Orforglipron shows superior HbA1c reduction versus oral semaglutide in adults with type 2 diabetes on metformin

This phase 3, randomized, double-blind, double-dummy, active-controlled trial was conducted across 131 medical research centers and hospitals in Argentina, China, Japan, Mexico, and the United States. The study enrolled 1698 adults (≥18 years) with type 2 diabetes inadequately controlled with metformin (≥1500 mg per day), a baseline glycated hemoglobin (HbA1c) between 7.0% and 10.5% (53-91 mmol/mol), and a body mass index (BMI) of at least 25 kg/m². Participants were randomly assigned to one of four treatment arms for a 52-week treatment period.

The intervention was once-daily oral orforglipron at doses of 12 mg or 36 mg. The comparator was once-daily oral semaglutide at doses of 7 mg or 14 mg. All participants continued their background metformin therapy. The study employed a double-dummy design to maintain blinding.

The primary outcome was the mean change from baseline in HbA1c at week 52, assessed for non-inferiority with a margin of 0.3% in the intention-to-treat population. Using the treatment regimen estimand, the mean baseline HbA1c was 8.3%. At week 52, the mean change was -1.71% (SE 0.07) for orforglipron 12 mg, -1.91% (SE 0.08) for orforglipron 36 mg, -1.23% (SE 0.05) for semaglutide 7 mg, and -1.47% (SE 0.06) for semaglutide 14 mg. The estimated treatment differences demonstrated superiority of orforglipron: orforglipron 12 mg was superior to semaglutide 7 mg by -0.48% (95% CI -0.65 to -0.31, p<0.0001); orforglipron 36 mg was superior to semaglutide 14 mg by -0.44% (95% CI -0.62 to -0.26, p<0.0001). Cross-dose comparisons also favored orforglipron: orforglipron 12 mg vs. semaglutide 14 mg (-0.24%, 95% CI -0.41 to -0.072, p=0.0050) and orforglipron 36 mg vs. semaglutide 7 mg (-0.68%, 95% CI -0.85 to -0.50, p<0.0001).

Key secondary outcomes were not reported in the provided abstract data. Therefore, the comparative effects on other critical endpoints like body weight, fasting plasma glucose, or cardiovascular risk markers remain unknown from this summary.

Safety and tolerability findings showed a higher incidence of gastrointestinal adverse events with orforglipron. These events occurred in 249 of 424 participants (59%) on orforglipron 12 mg and 245 of 423 (58%) on orforglipron 36 mg, compared to 157 of 426 (37%) on semaglutide 7 mg and 193 of 425 (45%) on semaglutide 14 mg. Most events were mild to moderate. Discontinuation rates due to adverse events were higher with orforglipron: 37 of 424 (9%) for the 12 mg dose and 41 of 423 (10%) for the 36 mg dose, versus 19 of 426 (4%) for semaglutide 7 mg and 21 of 425 (5%) for semaglutide 14 mg. The abstract also noted a mean increase in pulse rate with orforglipron, though specific numerical data were not provided. Rates of serious adverse events were not reported.

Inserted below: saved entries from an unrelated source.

(* There are infinitely many mixed graphs $M_G$ with $\operatorname{rank} N(M_G)=2$ which are not determined by their spectrum.
   Context: A mixed graph $M_G$ is obtained from a finite simple graph $G$ by orienting the edges of some subset of $E(G)$. With $\omega=\frac{1+\mathbf{i}\sqrt3}{2}$, $N(M_G)$ has $(u,v)$-entry $\omega$ if $\overrightarrow{uv}$ is an arc, $\bar\omega$ if $\overrightarrow{vu}$ is an arc, $1$ for an undirected edge, $0$ otherwise; cospectral means same eigenvalue multiset of $N$. Mixed graphs are considered up to isomorphism. $\mathbb{T}_6=\{1,-1,\omega,\bar\omega,-\omega,-\bar\omega\}$. Given a partition $V(M_G)=\bigcup_{j\in\mathbb{T}_6}V_j$ into six possibly empty sets, an edge or arc $xy$ has type $(j,k)$ if $x\in V_j,y\in V_k$ (arcs directed from $x$ to $y$). The partition is admissible if every undirected edge has type $(j,j)$ or $(j,\omega j)$, and every arc has type $(j,j)$, $(j,\bar\omega j)$ or $(j,-\omega j)$, for some $j$. A three-way switching w.r.t. an admissible partition replaces each undirected edge of type $(j,\omega j)$ by an arc from $V_j$ to $V_{\omega j}$, replaces each arc of type $(j,\bar\omega j)$ by an undirected edge, and reverses each arc of type $(j,-\omega j)$. The converse reverses all arcs. Two mixed graphs are switching equivalent if one is obtained from the other by a sequence of three-way switchings and taking converses. A mixed graph is determined by its spectrum if it is switching equivalent to every mixed graph cospectral with it. *)

theory Defs
  imports "Jordan_Normal_Form.Char_Poly" "Jordan_Normal_Form.DL_Rank"
    "HOL-Computational_Algebra.Fundamental_Theorem_Algebra"
begin

text \<open>A mixed graph on the vertex set {0..<n}: undirected edges (symmetric) and arcs.\<close>
record mgraph =
  nv :: nat
  edge :: "nat \<Rightarrow> nat \<Rightarrow> bool"
  arc :: "nat \<Rightarrow> nat \<Rightarrow> bool"

definition wf_mgraph :: "mgraph \<Rightarrow> bool" where
  "wf_mgraph M \<longleftrightarrow>
     (\<forall>u v. edge M u v \<longrightarrow> u < nv M \<and> v < nv M \<and> u \<noteq> v \<and> edge M v u) \<and>
     (\<forall>u v. arc M u v \<longrightarrow> u < nv M \<and> v < nv M \<and> u \<noteq> v \<and> \<not> arc M v u \<and> \<not> edge M u v)"

definition omega :: complex where
  "omega = Complex (1/2) (sqrt 3 / 2)"

definition T6 :: "complex set" where
  "T6 = {1, -1, omega, cnj omega, - omega, - cnj omega}"

definition Nmat :: "mgraph \<Rightarrow> complex mat" where
  "Nmat M = mat (nv M) (nv M) (\<lambda>(i, j).
     if edge M i j then 1 else if arc M i j then omega else if arc M j i then cnj omega else 0)"

definition spectrum_mg :: "mgraph \<Rightarrow> complex multiset" where
  "spectrum_mg M = proots (char_poly (Nmat M))"

definition cospectral :: "mgraph \<Rightarrow> mgraph \<Rightarrow> bool" where
  "cospectral M M' \<longleftrightarrow> spectrum_mg M = spectrum_mg M'"

definition mrank :: "mgraph \<Rightarrow> nat" where
  "mrank M = vec_space.rank (nv M) (Nmat M)"

definition mg_iso :: "mgraph \<Rightarrow> mgraph \<Rightarrow> bool" where
  "mg_iso M M' \<longleftrightarrow> nv M = nv M' \<and>
     (\<exists>f. bij_betw f {..<nv M} {..<nv M'} \<and>
        (\<forall>u<nv M. \<forall>v<nv M. (edge M u v \<longleftrightarrow> edge M' (f u) (f v)) \<and>
                           (arc M u v \<longleftrightarrow> arc M' (f u) (f v))))"

text \<open>A partition V = union of V_j (j in T6) is encoded by p, with V_j = {v. p v = j}.\<close>
definition admissible :: "mgraph \<Rightarrow> (nat \<Rightarrow> complex) \<Rightarrow> bool" where
  "admissible M p \<longleftrightarrow> (\<forall>v<nv M. p v \<in> T6) \<and>
     (\<forall>u v. edge M u v \<longrightarrow> p v = p u \<or> p v = omega * p u \<or> p u = omega * p v) \<and>
     (\<forall>u v. arc M u v \<longrightarrow> p v = p u \<or> p v = cnj omega * p u \<or> p v = - omega * p u)"

definition three_way_switch :: "(nat \<Rightarrow> complex) \<Rightarrow> mgraph \<Rightarrow> mgraph" where
  "three_way_switch p M = \<lparr> nv = nv M,
     edge = (\<lambda>u v. (edge M u v \<and> p u = p v) \<or>
                   (arc M u v \<and> p v = cnj omega * p u) \<or> (arc M v u \<and> p u = cnj omega * p v)),
     arc = (\<lambda>u v. (edge M u v \<and> p v = omega * p u) \<or> (arc M u v \<and> p v = p u) \<or>
                  (arc M v u \<and> p u = - omega * p v)) \<rparr>"

definition mg_converse :: "mgraph \<Rightarrow> mgraph" where
  "mg_converse M = \<lparr> nv = nv M, edge = edge M, arc = (\<lambda>u v. arc M v u) \<rparr>"

text \<open>One step: a three-way switching, taking the converse, or an isomorphism
  (mixed graphs are considered up to isomorphism).\<close>
definition sw_step :: "mgraph \<Rightarrow> mgraph \<Rightarrow> bool" where
  "sw_step M M' \<longleftrightarrow> (\<exists>p. admissible M p \<and> M' = three_way_switch p M) \<or>
     M' = mg_converse M \<or> mg_iso M M'"

definition switching_equivalent :: "mgraph \<Rightarrow> mgraph \<Rightarrow> bool" where
  "switching_equivalent M M' \<longleftrightarrow> sw_step\<^sup>*\<^sup>* M M' \<or> sw_step\<^sup>*\<^sup>* M' M"

definition determined_by_spectrum :: "mgraph \<Rightarrow> bool" where
  "determined_by_spectrum M \<longleftrightarrow>
     (\<forall>M'. wf_mgraph M' \<and> cospectral M M' \<longrightarrow> switching_equivalent M M')"

end

theory Submission
  imports Defs
begin

text \<open>The star \<open>K\<^sub>1\<^sub>,\<^sub>4\<close> and the disjoint union of the 4-cycle with a vertex are
  cospectral (both have spectrum \<open>{2, -2, 0, 0, 0}\<close>) and have rank 2; adding \<open>k\<close> isolated
  vertices to both keeps this. Three-way switchings and converses only change how edges are
  oriented, so switching equivalent mixed graphs have isomorphic underlying graphs and in particular
  the same vertex degrees. The star has a vertex of degree 4 and the cycle has none.\<close>

lemma infinite_quotientI:
  fixes x :: "nat \<Rightarrow> 'a"
  assumes "\<And>k. x k \<in> S" and "\<And>k. (x k, x k) \<in> R" and "\<And>j k. (x j, x k) \<in> R \<Longrightarrow> j = k"
  shows "infinite (S // R)"
proof -
  have "inj (\<lambda>k. R `` {x k})"
    using assms(2,3) by (auto intro!: injI)
  then have "infinite (range (\<lambda>k. R `` {x k}))"
    by (rule range_inj_infinite)
  moreover have "range (\<lambda>k. R `` {x k}) \<subseteq> S // R"
    using assms(1) by (auto intro: quotientI)
  ultimately show ?thesis
    using infinite_super by blast
qed

lemma similar_mat_intertwiningI:
  assumes "{A, B, P, Q} \<subseteq> carrier_mat n n" "P * Q = 1\<^sub>m n" "Q * P = 1\<^sub>m n" "A * P = P * B"
  shows "similar_mat A B"
proof (rule similar_matI[OF assms(1-3)])
  have carrier: "A \<in> carrier_mat n n" "B \<in> carrier_mat n n" "P \<in> carrier_mat n n" "Q \<in> carrier_mat n n"
    using assms(1) by auto
  have "A = A * (P * Q)" using carrier(1) by (simp add: assms(2))
  also have "\<dots> = P * B * Q" using carrier by (simp flip: assms(4) add: assoc_mult_mat[of A n n P n Q n])
  finally show "A = P * B * Q" .
qed

lemma eq_mat_5I:
  assumes "A \<in> carrier_mat 5 5" "B \<in> carrier_mat 5 5"
    and "\<And>i j. i \<in> {0,1,2,3,4} \<Longrightarrow> j \<in> {0,1,2,3,4} \<Longrightarrow> A $$ (i,j) = B $$ (i,j)"
  shows "A = B"
  using assms by (intro eq_matI) (auto simp: less_Suc_eq numeral_eq_Suc)

lemma (in vec_space) rank_le_2_sum_products:
  fixes f g f' g' :: "nat \<Rightarrow> 'a"
  assumes "A \<in> carrier_mat n nc" and "\<And>i j. i < n \<Longrightarrow> j < nc \<Longrightarrow> A $$ (i, j) = f i * g j + f' i * g' j"
  shows "rank A \<le> 2"
proof -
  define A1 where "A1 = mat n nc (\<lambda>(i, j). f i * g j)"
  define A2 where "A2 = mat n nc (\<lambda>(i, j). f' i * g' j)"
  have carrier: "A1 \<in> carrier_mat n nc" "A2 \<in> carrier_mat n nc"
    unfolding A1_def A2_def by simp_all
  have "A = A1 + A2"
    using assms unfolding A1_def A2_def by (intro eq_matI) auto
  moreover have "rank A1 \<le> 1" "rank A2 \<le> 1"
    by (rule rank_le_1_product_entries[OF carrier(1)], simp add: A1_def)
      (rule rank_le_1_product_entries[OF carrier(2)], simp add: A2_def)
  ultimately show ?thesis
    using rank_subadditive[OF carrier] by simp
qed

lemma (in vec_space) rank_ge_2_by_entries:
  assumes A: "A \<in> carrier_mat n nc" and "a < nc" "b < nc" "i < n" "j < n"
    and "A $$ (i, a) = 0" "A $$ (j, a) \<noteq> 0" "A $$ (i, b) \<noteq> 0"
  shows "2 \<le> rank A"
proof -
  let ?c = "col A a" and ?d = "col A b"
  have c: "?c \<in> carrier_vec n" "?c $ i = 0" "?c $ j \<noteq> 0"
    and d: "?d \<in> carrier_vec n" "?d $ i \<noteq> 0"
    using assms by auto
  have "?c \<noteq> ?d" using c d by auto
  define B where "B = mat_of_cols n [?c, ?d]"
  have B: "B \<in> carrier_mat n 2" and cols_B: "cols B = [?c, ?d]"
    unfolding B_def using c d by (auto simp: numeral_2_eq_2 cols_mat_of_cols)
  have "lin_indpt {?c, ?d}"
  proof
    assume "lin_dep {?c, ?d}"
    then obtain v where v: "v \<in> carrier_vec 2" "v \<noteq> 0\<^sub>v 2" "B *\<^sub>v v = 0\<^sub>v n"
      using lin_depE[OF B] cols_B \<open>?c \<noteq> ?d\<close> by auto
    have "(B *\<^sub>v v) $ k = v $ 0 * ?c $ k + v $ 1 * ?d $ k" if "k < n" for k
      using v(1) that c(1) d(1) unfolding B_def
      by (auto simp: scalar_prod_def mat_of_cols_def numeral_2_eq_2)
    then have "v $ 1 * ?d $ i = 0" "v $ 0 * ?c $ j + v $ 1 * ?d $ j = 0"
      using v(3) c(2) \<open>i < n\<close> \<open>j < n\<close> by (metis add_0 index_zero_vec(1) mult_zero_right)+
    then have "v $ 0 = 0" "v $ 1 = 0" using c(3) d(2) by auto
    then have "v = 0\<^sub>v 2" using v(1) by (auto simp: numeral_2_eq_2 less_Suc_eq intro!: eq_vecI)
    then show False using v(2) by simp
  qed
  moreover have "{?c, ?d} \<subseteq> set (cols A)"
    using A assms(2,3) by (auto simp: cols_def)
  ultimately have "card {?c, ?d} \<le> rank A"
    by (rule rank_ge_card_indpt[OF A, rotated])
  then show ?thesis using \<open>?c \<noteq> ?d\<close> by simp
qed

definition underlying :: "mgraph \<Rightarrow> nat \<Rightarrow> nat \<Rightarrow> bool" where
  "underlying M u v \<longleftrightarrow> edge M u v \<or> edge M v u \<or> arc M u v \<or> arc M v u"

definition edge_sym :: "mgraph \<Rightarrow> bool" where
  "edge_sym M \<longleftrightarrow> (\<forall>u<nv M. \<forall>v<nv M. edge M u v \<longrightarrow> edge M v u)"

lemma wf_mgraph_edge_sym: "wf_mgraph M \<Longrightarrow> edge_sym M"
  unfolding wf_mgraph_def edge_sym_def by blast

lemma underlying_commute: "underlying M u v \<longleftrightarrow> underlying M v u"
  unfolding underlying_def by blast

lemma underlying_three_way_switch:
  assumes adm: "admissible M p" and sym: "edge_sym M" and "u < nv M" "v < nv M"
  shows "underlying (three_way_switch p M) u v \<longleftrightarrow> underlying M u v"
proof
  show "underlying M u v" if "underlying (three_way_switch p M) u v"
    using that unfolding underlying_def three_way_switch_def by auto
next
  let ?N = "three_way_switch p M"
  have from_edge: "underlying ?N a b" if "edge M a b" "edge M b a" for a b
  proof -
    from adm \<open>edge M a b\<close> have "p b = p a \<or> p b = omega * p a \<or> p a = omega * p b"
      unfolding admissible_def by blast
    then show ?thesis
      using that unfolding underlying_def three_way_switch_def by auto
  qed
  have from_arc: "underlying ?N a b" if "arc M a b" for a b
  proof -
    from adm that have "p b = p a \<or> p b = cnj omega * p a \<or> p b = - omega * p a"
      unfolding admissible_def by blast
    then show ?thesis
      using that unfolding underlying_def three_way_switch_def by auto
  qed
  have "edge M v u \<longleftrightarrow> edge M u v"
    using sym \<open>u < nv M\<close> \<open>v < nv M\<close> unfolding edge_sym_def by blast
  moreover assume "underlying M u v"
  ultimately show "underlying ?N u v"
    using from_edge[of u v] from_arc[of u v] from_arc[of v u] underlying_commute
    unfolding underlying_def[of M] by blast
qed

lemma edge_sym_three_way_switch: "edge_sym M \<Longrightarrow> edge_sym (three_way_switch p M)"
  unfolding edge_sym_def three_way_switch_def by auto

definition degree :: "mgraph \<Rightarrow> nat \<Rightarrow> nat" where
  "degree M u = card {v. v < nv M \<and> underlying M u v}"

definition degrees :: "mgraph \<Rightarrow> nat set" where
  "degrees M = degree M ` {..<nv M}"

lemma degrees_three_way_switch:
  assumes "admissible M p" "edge_sym M"
  shows "degrees (three_way_switch p M) = degrees M"
proof -
  have "degree (three_way_switch p M) u = degree M u" if "u < nv M" for u
    unfolding degree_def using underlying_three_way_switch[OF assms that]
    by (simp add: three_way_switch_def cong: conj_cong)
  then show ?thesis
    unfolding degrees_def by (simp add: three_way_switch_def)
qed

lemma underlying_mg_converse: "underlying (mg_converse M) = underlying M"
  unfolding underlying_def mg_converse_def by (auto intro!: ext)

lemma edge_sym_mg_converse: "edge_sym (mg_converse M) = edge_sym M"
  unfolding edge_sym_def mg_converse_def by simp

lemma degrees_mg_converse: "degrees (mg_converse M) = degrees M"
  unfolding degrees_def degree_def underlying_mg_converse by (simp add: mg_converse_def)

lemma mg_iso_refl: "mg_iso M M"
  unfolding mg_iso_def by (auto intro: exI[of _ id])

These results position oral orforglipron as a potentially more potent glucose-lowering agent than the currently available oral GLP-1 receptor agonist, semaglutide. Prior landmark studies with injectable GLP-1 receptor agonists and oral semaglutide established this class as effective for glycemic control and weight loss. This trial suggests orforglipron could offer a new, highly effective oral option, though with a different tolerability profile.

Key methodological limitations include the presentation of data in abstract form, which lacks the full detail of a peer-reviewed publication. The absence of reported secondary outcomes, particularly body weight change, is a significant gap. The study duration of 52 weeks is adequate for glycemic outcomes but may be insufficient to fully characterize long-term safety, especially cardiovascular effects. The population was limited to those on metformin monotherapy, so results may not generalize to patients on other background regimens or with different comorbidities.

The clinical implications are that orforglipron, if approved, may represent a more potent oral alternative for HbA1c reduction in patients with type 2 diabetes inadequately controlled on metformin. However, clinicians must weigh its superior efficacy against a higher burden of gastrointestinal side effects and a higher rate of treatment discontinuation due to adverse events compared to oral semaglutide. The increase in pulse rate also warrants monitoring.

Several important questions remain unanswered. The full impact on body weight, a key driver for GLP-1 receptor agonist use, is unknown. Long-term cardiovascular and renal safety data are absent. The optimal dosing strategy and titration schedule to manage gastrointestinal tolerability are not defined. Furthermore, the cost-effectiveness and place in therapy relative to other advanced agents, including injectable GLP-1 receptor agonists and dual agonists, require future study.